«Я Верю в чудеса, но я чудес не видел» или Экстраординарные возможности человека.
Сразу скажу, что это интервью с Вячеславом Михайловичем Звониковым, доктором медицинских наук, заведующим психофизиологической лабораторией моего вуза, МосГУ, (как и следующее интервью, с заведующим кафедрой психологии, Юрием Ивановичем Олейником) – не имеет никакого рекламного подтекста, ибо вообще не связано с коммерческими отношениями. Но я был бы рад, если бы на этих специалистов обратили внимание сегодняшние абитуриенты и бакалавры, желающие получить психологическое образование. Думаю, в ближайшие годы наша профессия будет только набирать актуальность и востребованность. А по работам Вячеслава Михайловича вы увидите, что современная психология – это не только про «разговоры и ощущения».
Телепатии нет. А вот информацию передать можно
И.Г.: Сразу начну с самого интригующего. Вы, профессор, доктор наук, занимаетесь экспериментами по передаче информации от человека к человеку на расстоянии. Это что, телепатия?
В.З. (смеется – прим.авт.): Я верю в чудеса, но я чудес не видел. И вообще вопрос немножко провокационный. Комиссия по лженауке нервничает при слове экстрасенс. Далее разбираться не хочет. Типа - аналог вечного двигателя, и этим не стоит заниматься.
И.Г.: Так телепатия есть или нет?
В.З.: Телепатии нет. Но это не значит, что нет передачи информации от человека к человеку. Передается образ, психический образ. Вот носитель. Хотя, конечно, он тесно связан со словом. Ведь именно словом работает психолог. Книжка есть такая, замечательного ученого Константина Ивановича Платонова: «Слово как лечебный и физиологический фактор».
И.Г.: Ну, это еще великий Боткин отмечал: если врач зашел в комнату больного, а тому не стало легче – значит, это плохой врач.
В.З.: Вот и еще один важнейший фактор отметили. Влияние человека на другого человека, и их общение, могут быть не только вербальным
И.Г. Ладно, начали с самого интригующего, но, наверное, лучше все же рассказ строить по порядку. Расскажите о себе, о детстве, о выборе пути.
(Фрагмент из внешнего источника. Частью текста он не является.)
(* Let $K$ be a field complete with respect to a discrete valuation with perfect residue field of characteristic $p>0$, and let $L/K$ be a totally ramified Galois extension of degree $p$ with (lower) ramification break $b_1$. If $K$ has characteristic $p$, then $L/K$ has a Galois scaffold of tolerance $\mathfrak{T}=\infty$. If $K$ has characteristic $0$ and $b_1\ne pv_K(p)/(p-1)$, then $L/K$ has a Galois scaffold of tolerance $\mathfrak{T}=pv_K(p)-(p-1)b_1\ge1$.
   Context: $v_K,v_L$ are the normalized valuations of $K,L$; $\mathfrak{O}_K,\mathfrak{O}_L$ valuation rings, $\mathfrak{P}_L$ maximal ideal of $\mathfrak{O}_L$. For a totally ramified Galois extension $L/K$ of degree $p^n$ with group $G$, the ramification groups are $G_j=\{\sigma\in G:(\sigma-1)\mathfrak{O}_L\subseteq\mathfrak{P}_L^{j+1}\}$ and the lower ramification breaks counted with multiplicity are $b_i=\max\{j:|G_j|>p^{n-i}\}$, $1\le i\le n$. Let $\mathbb{S}_{p^n}=\{0,\dots,p^n-1\}$ with base-$p$ digits $s=\sum_{i=1}^n s_{(n-i)}p^{n-i}$. For integers $b_1,\dots,b_n$ prime to $p$, $\mathfrak{b}(s)=\sum_i s_{(n-i)}p^{n-i}b_i$, and $\mathfrak{a}(t)\in\mathbb{S}_{p^n}$ (for $t\in\mathbb{Z}$) is the unique element with $\mathfrak{b}(\mathfrak{a}(t))\equiv-t\pmod{p^n}$. A $K[G]$-scaffold on $L$ of tolerance $\mathfrak{T}\ge1$ (possibly $\infty$) with shift parameters $b_1,\dots,b_n$ consists of: (i) $\lambda_t\in L$ ($t\in\mathbb{Z}$) with $v_L(\lambda_t)=t$ and $\lambda_{t_1}\lambda_{t_2}^{-1}\in K$ whenever $t_1\equiv t_2\pmod{p^n}$; (ii) $\Psi_1,\dots,\Psi_n\in K[G]$ with $\Psi_i\cdot1=0$ such that for each $i,t$ there is $u_{i,t}\in\mathfrak{O}_K^\times$ with $\Psi_i\cdot\lambda_t\equiv u_{i,t}\lambda_{t+p^{n-i}b_i}$ if $\mathfrak{a}(t)_{(n-i)}\ge1$ and $\equiv0$ if $\mathfrak{a}(t)_{(n-i)}=0$, modulo $\lambda_{t+p^{n-i}b_i}\mathfrak{P}_L^{\mathfrak{T}}$ (equalities if $\mathfrak{T}=\infty$). A Galois scaffold is a $K[G]$-scaffold (with $K[G]$ acting on $L$ in the usual way, residue field perfect) whose shift parameters are the lower ramification breaks $b_1,\dots,b_n$ of $L/K$. *)

theory Defs
  imports Main "HOL-Library.Extended_Nat" "HOL-Computational_Algebra.Primes"
begin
А там и до телепатии дойдем.
Врач, сын врача, почти летчик
В.М.: Родился вскоре после войны, в 47-м, в Ленинграде. Почти сразу переехали на Украину, в Житомир, где я и вырос.
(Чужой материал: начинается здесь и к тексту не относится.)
(* Let $0<c<1$, let $(v^*,u^* )$ be the unique saddle point of $\min_v\max_u E(v,u)$, and let $$L_c(v,u)=\frac{\alpha}{2}\sum_s|v_s-v^*_s|^2+\tau\Big(\sum_{s,a}\Big(u^*_{sa}\log\frac{u^*_{sa}}{u_{sa}}+u_{sa}-u^*_{sa}\Big)+\frac{c}{1-c}\sum_s\Big(\tilde u^*_s\log\frac{\tilde u^*_s}{\tilde u_s}+\tilde u_s-\tilde u^*_s\Big)\Big).$$ Consider the interpolating natural gradient dynamics on $\mathbb{R}^{|S|}\times\mathbb{R}^{|S|\times|A|}_{>0}$: $$\frac{dv_{s'}}{dt}=-\Big(v_{s'}-\frac1\alpha\sum_{s,a}K_{ass'}u_{sa}\Big),\ s'\in S,$$ $$\frac{du_{s\cdot}}{dt}=-\tilde u_s\big(\mathrm{diag}(\pi_{s\cdot})-c\,\pi_{s\cdot}\pi_{s\cdot}^{\mathsf T}\big)\Big(\log\frac{u_{s\cdot}}{\tilde u_s}-\frac1\tau\Big(r_{s\cdot}-\sum_{s'}K_{\cdot ss'}v_{s'}\Big)\Big),\ s\in S,$$ where $\pi_{sa}=u_{sa}/\tilde u_s$. Then $L_c$ is a Lyapunov function for this dynamics: $\frac{dL_c}{dt}\le0$ along trajectories, and the only trajectory along which $\frac{dL_c}{dt}=0$ is the constant trajectory $(v,u)=(v^*,u^* )$.
   Context: Finite MDP: state space $S$, action space $A$, transition probabilities $P_{ass'}$ (with $\sum_{s'}P_{ass'}=1$), rewards $r_{sa}\ge0$, discount $\gamma\in(0,1)$, regularization $\tau>0$, and $\alpha>0$. $K_{ass'}=\delta_{ss'}-\gamma P_{ass'}$, $\tilde u_s=\sum_a u_{sa}$. For fixed $s$, $u_{s\cdot},\pi_{s\cdot},r_{s\cdot}\in\mathbb{R}^{|A|}$ are the vectors indexed by $a$, $K_{\cdot ss'}\in\mathbb{R}^{|A|}$ has $a$-th entry $K_{ass'}$, logarithms and divisions of vectors are entrywise, and $\mathrm{diag}(x)$ is the diagonal matrix with diagonal $x$. $E(v,u)=\frac{\alpha}{2}\sum_s v_s^2+\sum_{s,a}u_{sa}(r_{sa}-\sum_{s'}K_{ass'}v_{s'})-\tau\sum_{s,a}u_{sa}\log(u_{sa}/\tilde u_s)$; this min-max problem has a unique saddle point $(v^*,u^* )$ with $u^*_{sa}>0$. *)

theory Defs
  imports "HOL-Analysis.Analysis"
begin

text \<open>States have type 's, actions type 'a (both finite).
  P a s s' is the transition probability P_{ass'}, r s a the reward r_{sa},
  v s the value vector, u s a the occupancy variable u_{sa}.\<close>

definition Kmat :: "real \<Rightarrow> ('a \<Rightarrow> 's \<Rightarrow> 's \<Rightarrow> real) \<Rightarrow> 'a \<Rightarrow> 's \<Rightarrow> 's \<Rightarrow> real" where
  "Kmat \<gamma> P a s s' = (if s = s' then 1 else 0) - \<gamma> * P a s s'"

definition utilde :: "('s \<Rightarrow> 'a::finite \<Rightarrow> real) \<Rightarrow> 's \<Rightarrow> real" where
  "utilde u s = (\<Sum>a\<in>UNIV. u s a)"

definition Efun :: "real \<Rightarrow> real \<Rightarrow> real \<Rightarrow> ('a::finite \<Rightarrow> 's::finite \<Rightarrow> 's \<Rightarrow> real)
    \<Rightarrow> ('s \<Rightarrow> 'a \<Rightarrow> real) \<Rightarrow> ('s \<Rightarrow> real) \<Rightarrow> ('s \<Rightarrow> 'a \<Rightarrow> real) \<Rightarrow> real" where
  "Efun \<alpha> \<gamma> \<tau> P r v u =
     \<alpha> / 2 * (\<Sum>s\<in>UNIV. (v s)^2)
     + (\<Sum>s\<in>UNIV. \<Sum>a\<in>UNIV. u s a * (r s a - (\<Sum>s'\<in>UNIV. Kmat \<gamma> P a s s' * v s')))
     - \<tau> * (\<Sum>s\<in>UNIV. \<Sum>a\<in>UNIV. u s a * ln (u s a / utilde u s))"

definition is_saddle :: "real \<Rightarrow> real \<Rightarrow> real \<Rightarrow> ('a::finite \<Rightarrow> 's::finite \<Rightarrow> 's \<Rightarrow> real)
    \<Rightarrow> ('s \<Rightarrow> 'a \<Rightarrow> real) \<Rightarrow> ('s \<Rightarrow> real) \<Rightarrow> ('s \<Rightarrow> 'a \<Rightarrow> real) \<Rightarrow> bool" where
  "is_saddle \<alpha> \<gamma> \<tau> P r vs us \<longleftrightarrow>
     (\<forall>s a. us s a > 0) \<and>
     (\<forall>u. (\<forall>s a. u s a > 0) \<longrightarrow> Efun \<alpha> \<gamma> \<tau> P r vs u \<le> Efun \<alpha> \<gamma> \<tau> P r vs us) \<and>
     (\<forall>v. Efun \<alpha> \<gamma> \<tau> P r vs us \<le> Efun \<alpha> \<gamma> \<tau> P r v us)"

definition Lc :: "real \<Rightarrow> real \<Rightarrow> real \<Rightarrow> ('s::finite \<Rightarrow> real) \<Rightarrow> ('s \<Rightarrow> 'a::finite \<Rightarrow> real)
    \<Rightarrow> ('s \<Rightarrow> real) \<Rightarrow> ('s \<Rightarrow> 'a \<Rightarrow> real) \<Rightarrow> real" where
  "Lc c \<alpha> \<tau> vs us v u =
     \<alpha> / 2 * (\<Sum>s\<in>UNIV. \<bar>v s - vs s\<bar>^2)
     + \<tau> * ((\<Sum>s\<in>UNIV. \<Sum>a\<in>UNIV. us s a * ln (us s a / u s a) + u s a - us s a)
          + c / (1 - c) * (\<Sum>s\<in>UNIV. utilde us s * ln (utilde us s / utilde u s)
                                       + utilde u s - utilde us s))"

definition vfield :: "real \<Rightarrow> real \<Rightarrow> ('a::finite \<Rightarrow> 's::finite \<Rightarrow> 's \<Rightarrow> real)
    \<Rightarrow> ('s \<Rightarrow> real) \<Rightarrow> ('s \<Rightarrow> 'a \<Rightarrow> real) \<Rightarrow> 's \<Rightarrow> real" where
  "vfield \<alpha> \<gamma> P v u s' = - (v s' - 1 / \<alpha> * (\<Sum>s\<in>UNIV. \<Sum>a\<in>UNIV. Kmat \<gamma> P a s s' * u s a))"

definition policy :: "('s \<Rightarrow> 'a::finite \<Rightarrow> real) \<Rightarrow> 's \<Rightarrow> 'a \<Rightarrow> real" where
  "policy u s a = u s a / utilde u s"

definition gvec :: "real \<Rightarrow> real \<Rightarrow> ('a::finite \<Rightarrow> 's::finite \<Rightarrow> 's \<Rightarrow> real)
    \<Rightarrow> ('s \<Rightarrow> 'a \<Rightarrow> real) \<Rightarrow> ('s \<Rightarrow> real) \<Rightarrow> ('s \<Rightarrow> 'a \<Rightarrow> real) \<Rightarrow> 's \<Rightarrow> 'a \<Rightarrow> real" where
  "gvec \<gamma> \<tau> P r v u s b =
     ln (u s b / utilde u s) - 1 / \<tau> * (r s b - (\<Sum>s'\<in>UNIV. Kmat \<gamma> P b s s' * v s'))"

definition ufield :: "real \<Rightarrow> real \<Rightarrow> real \<Rightarrow> ('a::finite \<Rightarrow> 's::finite \<Rightarrow> 's \<Rightarrow> real)
    \<Rightarrow> ('s \<Rightarrow> 'a \<Rightarrow> real) \<Rightarrow> ('s \<Rightarrow> real) \<Rightarrow> ('s \<Rightarrow> 'a \<Rightarrow> real) \<Rightarrow> 's \<Rightarrow> 'a \<Rightarrow> real" where
  "ufield c \<gamma> \<tau> P r v u s a =
     - utilde u s * (\<Sum>b\<in>UNIV.
         ((if a = b then policy u s a else 0) - c * policy u s a * policy u s b)
         * gvec \<gamma> \<tau> P r v u s b)"

end

theory Submission
  imports Defs
begin

(*
  Write (vs, us) for the saddle point and pi, pis for the policies of u and us. Along the flow,
    dL_c/dt = - alpha sum_s (v_s - vs_s)^2 - tau sum_{s,a} (u_sa - us_sa) (ln pi_sa - ln pis_sa).
  To see this, pair the vector field with the gradient of L_c: the first-order conditions of the
  saddle point turn the v-part into - alpha |v - vs|^2 plus a cross term <K (u - us), v - vs>,
  and the weight c/(1-c) on the state-marginal part of L_c cancels the rank-one part c pi pi^T of
  the metric, so that the u-part becomes the policy term minus the same cross term.
  The policy term is a sum of two Kullback-Leibler divergences, hence nonnegative.
  If the rate vanishes identically, then v = vs and pi = pis at all times; then dv/dt = 0 gives
  K^T (u - us) = 0 with u - us = (u~ - us~) pis, and since gamma < 1 the map w |-> K^T (w pis)
  is injective (a contraction argument in l1), so u = us.
*)

section \<open>Relative entropy\<close>

definition kl_term :: "real \<Rightarrow> real \<Rightarrow> real" where
  "kl_term x y = x * ln (x / y) - x + y"

lemma kl_term_nonneg:
  assumes "x > 0" "y > 0"
  shows "0 \<le> kl_term x y"
proof -
  have "ln (y / x) \<le> y / x - 1" using assms by (intro ln_le_minus_one) auto
  then have "x * ln (y / x) \<le> y - x" using assms by (simp add: field_simps mult_left_mono)
  then show ?thesis using assms by (simp add: kl_term_def ln_div algebra_simps)
qed

lemma kl_term_eq_0_iff:
  assumes "x > 0" "y > 0"
  shows "kl_term x y = 0 \<longleftrightarrow> x = y"
proof
  assume "kl_term x y = 0"
  then have "ln (y / x) = y / x - 1" using assms by (simp add: kl_term_def ln_div field_simps)
  then have "y / x = 1" using assms by (intro ln_eq_minus_one) auto
  then show "x = y" using assms by simp
qed (simp add: kl_term_def)

lemma kl_term_has_real_derivative:
  assumes "x t > 0" "y > 0" "(x has_real_derivative x') (at t)"
  shows "((\<lambda>t. kl_term y (x t)) has_real_derivative (1 - y / x t) * x') (at t)"
  unfolding kl_term_def using assms by (auto intro!: derivative_eq_intros simp: field_simps)

lemma sum_diff_mult_ln_normalized_eq:
  fixes u w :: "'a::finite \<Rightarrow> real"
  assumes u: "\<And>a. u a > 0" and w: "\<And>a. w a > 0"
  defines "p \<equiv> \<lambda>a. u a / sum u UNIV" and "q \<equiv> \<lambda>a. w a / sum w UNIV"
  shows "(\<Sum>a\<in>UNIV. (u a - w a) * (ln (p a) - ln (q a)))
       = sum u UNIV * (\<Sum>a\<in>UNIV. kl_term (p a) (q a)) + sum w UNIV * (\<Sum>a\<in>UNIV. kl_term (q a) (p a))"
proof -
  have U: "sum u UNIV > 0" and W: "sum w UNIV > 0" using u w by (auto intro: sum_pos)
  have p: "p a > 0" and q: "q a > 0" and up: "u a = sum u UNIV * p a" and wq: "w a = sum w UNIV * q a"
    for a
    using u w U W by (auto simp: p_def q_def)
  have pointwise: "(u a - w a) * (ln (p a) - ln (q a))
      = sum u UNIV * kl_term (p a) (q a) + sum w UNIV * kl_term (q a) (p a)
        + (sum u UNIV - sum w UNIV) * (p a - q a)" for a
    using p[of a] q[of a] unfolding up[of a] wq[of a] by (simp add: kl_term_def ln_div algebra_simps)
  have "sum p UNIV = 1" "sum q UNIV = 1"
    using U W by (simp_all add: p_def q_def sum_divide_distrib[symmetric])
  then have "(\<Sum>a\<in>UNIV. (sum u UNIV - sum w UNIV) * (p a - q a)) = 0"
    by (simp add: sum_distrib_left[symmetric] sum_subtractf)
  then show ?thesis
    unfolding pointwise sum.distrib by (simp add: sum_distrib_left)
qed

lemma sum_diff_mult_ln_normalized_nonneg:
  fixes u w :: "'a::finite \<Rightarrow> real"
  assumes "\<And>a. u a > 0" "\<And>a. w a > 0"
  shows "0 \<le> (\<Sum>a\<in>UNIV. (u a - w a) * (ln (u a / sum u UNIV) - ln (w a / sum w UNIV)))"
proof -
  have "sum u UNIV > 0" "sum w UNIV > 0" using assms by (auto intro: sum_pos)
  moreover have "0 \<le> kl_term (u a / sum u UNIV) (w a / sum w UNIV)"
    and "0 \<le> kl_term (w a / sum w UNIV) (u a / sum u UNIV)" for a
    using assms calculation by (auto intro: kl_term_nonneg)
  ultimately show ?thesis
    unfolding sum_diff_mult_ln_normalized_eq[of u w, OF assms]
    by (intro add_nonneg_nonneg mult_nonneg_nonneg sum_nonneg) (auto intro: less_imp_le assms)
qed

lemma sum_diff_mult_ln_normalized_eq_0_imp:
  fixes u w :: "'a::finite \<Rightarrow> real"
  assumes u: "\<And>a. u a > 0" and w: "\<And>a. w a > 0"
    and "(\<Sum>a\<in>UNIV. (u a - w a) * (ln (u a / sum u UNIV) - ln (w a / sum w UNIV))) = 0"
  shows "u a / sum u UNIV = w a / sum w UNIV"
proof -
  have U: "sum u UNIV > 0" and W: "sum w UNIV > 0" using u w by (auto intro: sum_pos)
  define p q where "p a = u a / sum u UNIV" and "q a = w a / sum w UNIV" for a
  have p: "p a > 0" and q: "q a > 0" for a using u w U W by (auto simp: p_def q_def)
  have "sum u UNIV * (\<Sum>a\<in>UNIV. kl_term (p a) (q a)) + sum w UNIV * (\<Sum>a\<in>UNIV. kl_term (q a) (p a)) = 0"
    using assms(3) sum_diff_mult_ln_normalized_eq[of u w, OF u w] by (simp add: p_def q_def)
  moreover have "0 \<le> (\<Sum>a\<in>UNIV. kl_term (p a) (q a))" "0 \<le> (\<Sum>a\<in>UNIV. kl_term (q a) (p a))"
    using p q by (auto intro: sum_nonneg kl_term_nonneg)
  ultimately have "(\<Sum>a\<in>UNIV. kl_term (p a) (q a)) = 0"
    using U W by (smt (verit) mult_nonneg_nonneg mult_pos_pos)
  then have "kl_term (p a) (q a) = 0"
    using p q by (simp add: sum_nonneg_eq_0_iff kl_term_nonneg)
  then show ?thesis using p q by (simp add: kl_term_eq_0_iff p_def q_def)
qed

section \<open>The metric of the u-dynamics\<close>

lemma utilde_pos: "(\<And>a. u s a > 0) \<Longrightarrow> utilde u s > 0"
  unfolding utilde_def by (intro sum_pos) auto

definition metric_mult :: "real \<Rightarrow> ('s \<Rightarrow> 'a::finite \<Rightarrow> real) \<Rightarrow> 's \<Rightarrow> ('a \<Rightarrow> real) \<Rightarrow> 'a \<Rightarrow> real" where
  "metric_mult c u s g a =
     - utilde u s * (\<Sum>b\<in>UNIV. ((if a = b then policy u s a else 0) - c * policy u s a * policy u s b) * g b)"

lemma ufield_eq_metric_mult: "ufield c \<gamma> \<tau> P r v u s a = metric_mult c u s (gvec \<gamma> \<tau> P r v u s) a"
  by (simp add: ufield_def metric_mult_def)

lemma metric_mult_eq:
  assumes "utilde u s \<noteq> 0"
  shows "metric_mult c u s g a = u s a * (c * (\<Sum>b\<in>UNIV. u s b * g b) / utilde u s - g a)"
proof -
  have "(\<Sum>b\<in>UNIV. ((if a = b then policy u s a else 0) - c * policy u s a * policy u s b) * g b)
      = policy u s a * g a - c * policy u s a / utilde u s * (\<Sum>b\<in>UNIV. u s b * g b)"
    by (simp add: sum_subtractf left_diff_distrib sum_distrib_left policy_def if_distrib[of "\<lambda>x. x * _"]
        mult.assoc cong: if_cong)
  then show ?thesis using assms by (simp add: metric_mult_def policy_def field_simps)
qed

lemma sum_metric_mult:
  assumes "utilde u s \<noteq> 0"
  shows "(\<Sum>a\<in>UNIV. metric_mult c u s g a) = - (1 - c) * (\<Sum>a\<in>UNIV. u s a * g a)"
proof -
  define S where "S = (\<Sum>b\<in>UNIV. u s b * g b)"
  have "(\<Sum>a\<in>UNIV. metric_mult c u s g a) = (\<Sum>a\<in>UNIV. c * S / utilde u s * u s a - u s a * g a)"
    using assms by (intro sum.cong) (simp_all add: metric_mult_eq S_def algebra_simps)
  also have "\<dots> = c * S / utilde u s * utilde u s - S"
    by (simp add: sum_subtractf sum_distrib_left[symmetric] sum_divide_distrib[symmetric]
        utilde_def S_def[symmetric])
  finally show ?thesis using assms by (simp add: S_def algebra_simps)
qed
И.Г.: Кто родители по профессии?
В.З. Папа - военный врач, служил на Днепровской флотилии, прошел войну чуть ли не с первых дней. Был в плену, бежал, партизанил. Потом снова армия. В итоге стал весьма известным психотерапевтом.
И.Г.: А мама?
В.З.: Мама фельдшер.
И.Г.: При таких корнях понятно, откуда влечение к медицине.
В.З.: Да, я очень увлекался тематикой отца. Он ненавязчиво подсовывал мне правильные книжки, я очень много читал о мозге и таинственных явлениях в человеческой психике. Уже в 18 лет освоил гипноз, благо, такой учитель был всегда рядом.
И.Г.: То есть, путь в медвуз был очевиден?
В.З.: Как раз нет. У меня было две любви, причем, медицина и психика была второй.
И.Г.: А первая?
В.З.: Небо, самолеты. Сначала авиамоделизм. Потом – в приемную комиссию Черниговского летного училища. Там - большое разочарование: не прошел по зрению. Сейчас думаю, отец приложил руку (смеется – прим.авт.). Он очень хотел видеть меня врачом.
Здравствуй, медицина! И авиация тоже
И.Г.: С небом пришлось распрощаться?
В.З.: Как оказалось, не навсегда. После неба второй страстью был человеческий мозг.
Пошел на биофизику, в житомирский филиал киевского университета. Биофизика мозга.
Но... зоология, ботаника...
В общем, сбежал после второго курса в винницкий мединститут.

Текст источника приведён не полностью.